-- EXERCISE DIRECTIONS --
Read the records below and report each line in which "define" occurs.

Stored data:

[Start of section]

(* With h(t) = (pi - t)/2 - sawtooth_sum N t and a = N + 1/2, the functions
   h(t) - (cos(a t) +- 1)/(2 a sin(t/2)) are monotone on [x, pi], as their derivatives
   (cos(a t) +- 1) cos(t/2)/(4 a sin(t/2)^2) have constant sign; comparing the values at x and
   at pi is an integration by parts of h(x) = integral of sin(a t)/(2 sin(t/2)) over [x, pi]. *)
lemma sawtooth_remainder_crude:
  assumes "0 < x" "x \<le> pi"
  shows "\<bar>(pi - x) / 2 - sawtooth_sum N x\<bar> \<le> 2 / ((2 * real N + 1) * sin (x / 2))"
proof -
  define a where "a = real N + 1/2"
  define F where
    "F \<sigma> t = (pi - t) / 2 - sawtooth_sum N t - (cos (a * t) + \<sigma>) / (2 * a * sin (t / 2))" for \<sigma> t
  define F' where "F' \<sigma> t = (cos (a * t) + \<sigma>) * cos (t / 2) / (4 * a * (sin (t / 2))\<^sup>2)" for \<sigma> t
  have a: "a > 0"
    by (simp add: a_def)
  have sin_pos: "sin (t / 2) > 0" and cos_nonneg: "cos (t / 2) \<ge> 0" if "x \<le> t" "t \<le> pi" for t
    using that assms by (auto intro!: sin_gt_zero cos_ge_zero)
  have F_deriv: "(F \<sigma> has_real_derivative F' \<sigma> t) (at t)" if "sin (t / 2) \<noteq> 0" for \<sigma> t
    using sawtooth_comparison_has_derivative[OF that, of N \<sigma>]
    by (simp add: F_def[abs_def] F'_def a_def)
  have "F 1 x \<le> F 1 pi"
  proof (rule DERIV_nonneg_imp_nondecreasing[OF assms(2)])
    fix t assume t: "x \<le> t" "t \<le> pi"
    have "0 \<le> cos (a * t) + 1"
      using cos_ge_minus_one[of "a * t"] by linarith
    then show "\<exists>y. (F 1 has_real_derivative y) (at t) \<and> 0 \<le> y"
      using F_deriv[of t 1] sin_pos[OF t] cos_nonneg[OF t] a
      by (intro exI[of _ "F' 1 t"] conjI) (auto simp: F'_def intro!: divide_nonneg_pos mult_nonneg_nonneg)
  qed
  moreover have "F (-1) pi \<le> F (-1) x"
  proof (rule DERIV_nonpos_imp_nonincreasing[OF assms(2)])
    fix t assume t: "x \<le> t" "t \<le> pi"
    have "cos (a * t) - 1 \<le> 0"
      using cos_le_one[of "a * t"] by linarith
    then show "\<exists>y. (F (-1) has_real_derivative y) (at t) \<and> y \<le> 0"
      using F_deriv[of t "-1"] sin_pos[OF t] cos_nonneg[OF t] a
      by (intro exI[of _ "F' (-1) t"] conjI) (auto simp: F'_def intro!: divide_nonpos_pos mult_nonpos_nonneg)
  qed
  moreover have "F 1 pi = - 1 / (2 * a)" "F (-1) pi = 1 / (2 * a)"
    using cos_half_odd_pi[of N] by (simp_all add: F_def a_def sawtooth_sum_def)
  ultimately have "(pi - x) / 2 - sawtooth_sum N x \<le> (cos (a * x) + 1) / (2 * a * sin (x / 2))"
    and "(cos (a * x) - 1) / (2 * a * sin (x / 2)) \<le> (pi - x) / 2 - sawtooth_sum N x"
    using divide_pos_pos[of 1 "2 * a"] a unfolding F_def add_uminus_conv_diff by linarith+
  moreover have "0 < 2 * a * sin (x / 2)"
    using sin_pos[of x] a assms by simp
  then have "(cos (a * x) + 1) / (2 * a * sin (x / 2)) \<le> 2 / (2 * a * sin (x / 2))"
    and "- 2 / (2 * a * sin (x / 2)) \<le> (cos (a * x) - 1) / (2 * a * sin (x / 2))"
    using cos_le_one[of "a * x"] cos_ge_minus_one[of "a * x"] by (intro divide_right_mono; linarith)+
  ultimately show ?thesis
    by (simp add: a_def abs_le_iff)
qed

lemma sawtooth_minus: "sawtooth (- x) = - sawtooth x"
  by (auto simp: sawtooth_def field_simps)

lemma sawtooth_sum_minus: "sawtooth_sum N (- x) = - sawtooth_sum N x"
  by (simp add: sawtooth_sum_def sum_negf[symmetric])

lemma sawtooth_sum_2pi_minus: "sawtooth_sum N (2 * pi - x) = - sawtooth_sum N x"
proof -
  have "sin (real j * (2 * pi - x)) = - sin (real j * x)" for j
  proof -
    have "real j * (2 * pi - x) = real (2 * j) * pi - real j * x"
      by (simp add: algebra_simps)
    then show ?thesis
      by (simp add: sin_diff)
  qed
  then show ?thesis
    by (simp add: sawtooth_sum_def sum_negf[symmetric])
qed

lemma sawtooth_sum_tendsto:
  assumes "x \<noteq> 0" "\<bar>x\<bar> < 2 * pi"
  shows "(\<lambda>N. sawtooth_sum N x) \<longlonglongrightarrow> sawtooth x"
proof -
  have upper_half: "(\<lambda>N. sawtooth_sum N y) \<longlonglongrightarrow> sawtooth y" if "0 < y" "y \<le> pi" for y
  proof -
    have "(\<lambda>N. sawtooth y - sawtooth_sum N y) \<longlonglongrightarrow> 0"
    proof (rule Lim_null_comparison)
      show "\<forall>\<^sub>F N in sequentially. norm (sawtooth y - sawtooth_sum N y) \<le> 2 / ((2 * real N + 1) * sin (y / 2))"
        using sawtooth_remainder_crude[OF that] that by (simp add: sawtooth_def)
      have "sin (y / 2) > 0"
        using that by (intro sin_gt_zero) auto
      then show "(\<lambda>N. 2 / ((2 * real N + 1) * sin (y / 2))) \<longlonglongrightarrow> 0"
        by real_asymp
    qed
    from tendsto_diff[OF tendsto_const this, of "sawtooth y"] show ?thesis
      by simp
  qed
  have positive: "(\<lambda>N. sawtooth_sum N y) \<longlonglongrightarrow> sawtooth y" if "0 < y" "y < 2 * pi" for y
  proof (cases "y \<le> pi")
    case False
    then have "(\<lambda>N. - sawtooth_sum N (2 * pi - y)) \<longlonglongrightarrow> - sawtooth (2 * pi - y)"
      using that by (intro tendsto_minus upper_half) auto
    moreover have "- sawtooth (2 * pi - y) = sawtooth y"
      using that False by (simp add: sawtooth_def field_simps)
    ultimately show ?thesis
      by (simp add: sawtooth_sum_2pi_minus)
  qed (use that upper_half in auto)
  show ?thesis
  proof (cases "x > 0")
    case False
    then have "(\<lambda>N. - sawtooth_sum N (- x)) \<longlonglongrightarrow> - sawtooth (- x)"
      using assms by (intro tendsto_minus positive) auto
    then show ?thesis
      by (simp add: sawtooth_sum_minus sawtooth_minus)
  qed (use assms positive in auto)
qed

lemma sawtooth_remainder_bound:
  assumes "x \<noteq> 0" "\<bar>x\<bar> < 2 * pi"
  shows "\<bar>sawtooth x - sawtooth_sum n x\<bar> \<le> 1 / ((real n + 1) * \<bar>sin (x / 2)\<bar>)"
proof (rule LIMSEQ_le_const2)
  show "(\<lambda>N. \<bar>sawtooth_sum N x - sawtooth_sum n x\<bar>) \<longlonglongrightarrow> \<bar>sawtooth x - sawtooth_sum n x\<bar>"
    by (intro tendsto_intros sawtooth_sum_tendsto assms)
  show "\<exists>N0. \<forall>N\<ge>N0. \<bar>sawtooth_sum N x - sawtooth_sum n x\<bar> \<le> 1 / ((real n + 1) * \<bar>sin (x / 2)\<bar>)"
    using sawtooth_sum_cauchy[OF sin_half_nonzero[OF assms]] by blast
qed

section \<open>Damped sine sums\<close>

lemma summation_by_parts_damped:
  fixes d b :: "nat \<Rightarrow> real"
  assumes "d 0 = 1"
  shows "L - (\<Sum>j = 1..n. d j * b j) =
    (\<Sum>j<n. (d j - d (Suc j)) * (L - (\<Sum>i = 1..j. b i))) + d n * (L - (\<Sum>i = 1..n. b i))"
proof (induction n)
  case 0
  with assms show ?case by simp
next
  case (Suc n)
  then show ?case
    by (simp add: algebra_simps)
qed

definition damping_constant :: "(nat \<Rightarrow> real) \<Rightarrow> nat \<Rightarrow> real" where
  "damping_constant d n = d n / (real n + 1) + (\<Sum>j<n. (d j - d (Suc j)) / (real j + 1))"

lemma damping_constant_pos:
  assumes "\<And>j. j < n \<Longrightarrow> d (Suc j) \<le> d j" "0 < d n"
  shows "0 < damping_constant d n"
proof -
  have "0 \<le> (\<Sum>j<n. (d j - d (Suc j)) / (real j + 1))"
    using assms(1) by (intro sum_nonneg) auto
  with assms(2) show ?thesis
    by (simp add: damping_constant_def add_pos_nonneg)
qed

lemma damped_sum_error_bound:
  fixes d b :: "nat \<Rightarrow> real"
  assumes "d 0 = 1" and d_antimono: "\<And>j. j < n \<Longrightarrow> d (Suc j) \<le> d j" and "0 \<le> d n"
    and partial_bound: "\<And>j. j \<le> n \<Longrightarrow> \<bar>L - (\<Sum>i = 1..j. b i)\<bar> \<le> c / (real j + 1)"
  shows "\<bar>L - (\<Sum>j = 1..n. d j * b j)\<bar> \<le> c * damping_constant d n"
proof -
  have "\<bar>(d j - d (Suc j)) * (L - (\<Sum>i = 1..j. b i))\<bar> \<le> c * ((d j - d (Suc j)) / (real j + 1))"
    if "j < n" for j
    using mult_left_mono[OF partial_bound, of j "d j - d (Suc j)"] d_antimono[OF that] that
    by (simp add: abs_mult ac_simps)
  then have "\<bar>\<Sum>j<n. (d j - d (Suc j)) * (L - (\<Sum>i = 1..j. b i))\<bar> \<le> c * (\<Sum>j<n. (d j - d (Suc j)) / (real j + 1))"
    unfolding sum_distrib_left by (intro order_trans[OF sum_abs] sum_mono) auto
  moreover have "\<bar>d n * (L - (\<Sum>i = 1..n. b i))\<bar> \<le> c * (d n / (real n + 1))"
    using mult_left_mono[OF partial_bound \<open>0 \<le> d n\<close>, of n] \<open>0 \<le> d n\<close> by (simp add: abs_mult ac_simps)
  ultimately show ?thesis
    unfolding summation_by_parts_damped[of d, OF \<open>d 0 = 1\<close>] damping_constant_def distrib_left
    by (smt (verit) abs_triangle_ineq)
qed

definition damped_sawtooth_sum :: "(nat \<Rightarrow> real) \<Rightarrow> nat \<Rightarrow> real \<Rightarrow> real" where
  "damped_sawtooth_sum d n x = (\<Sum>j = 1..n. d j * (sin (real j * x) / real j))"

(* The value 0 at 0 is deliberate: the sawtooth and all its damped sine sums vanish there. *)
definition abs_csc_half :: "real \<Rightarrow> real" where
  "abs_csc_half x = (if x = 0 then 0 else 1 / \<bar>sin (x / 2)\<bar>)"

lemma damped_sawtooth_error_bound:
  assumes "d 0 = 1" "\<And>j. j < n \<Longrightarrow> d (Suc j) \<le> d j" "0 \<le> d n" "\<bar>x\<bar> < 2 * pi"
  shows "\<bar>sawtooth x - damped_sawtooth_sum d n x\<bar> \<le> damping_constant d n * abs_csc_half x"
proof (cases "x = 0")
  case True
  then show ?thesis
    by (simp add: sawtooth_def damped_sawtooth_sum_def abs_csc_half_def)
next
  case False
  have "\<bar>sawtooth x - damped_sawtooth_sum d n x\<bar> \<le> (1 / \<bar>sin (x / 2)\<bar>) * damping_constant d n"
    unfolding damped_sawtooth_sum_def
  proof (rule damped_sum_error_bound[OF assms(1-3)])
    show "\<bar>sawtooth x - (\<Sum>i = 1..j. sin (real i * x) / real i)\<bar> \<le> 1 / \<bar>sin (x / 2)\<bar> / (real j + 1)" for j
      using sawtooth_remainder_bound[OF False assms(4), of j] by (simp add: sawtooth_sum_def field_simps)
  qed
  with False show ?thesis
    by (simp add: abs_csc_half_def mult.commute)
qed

[End of section]

-- RESPONSE --
  define a where "a = real N + 1/2"
  define F where
  define F' where "F' \<sigma> t = (cos (a * t) + \<sigma>) * cos (t / 2) / (4 * a * (sin (t / 2))\<^sup>2)" for \<sigma> t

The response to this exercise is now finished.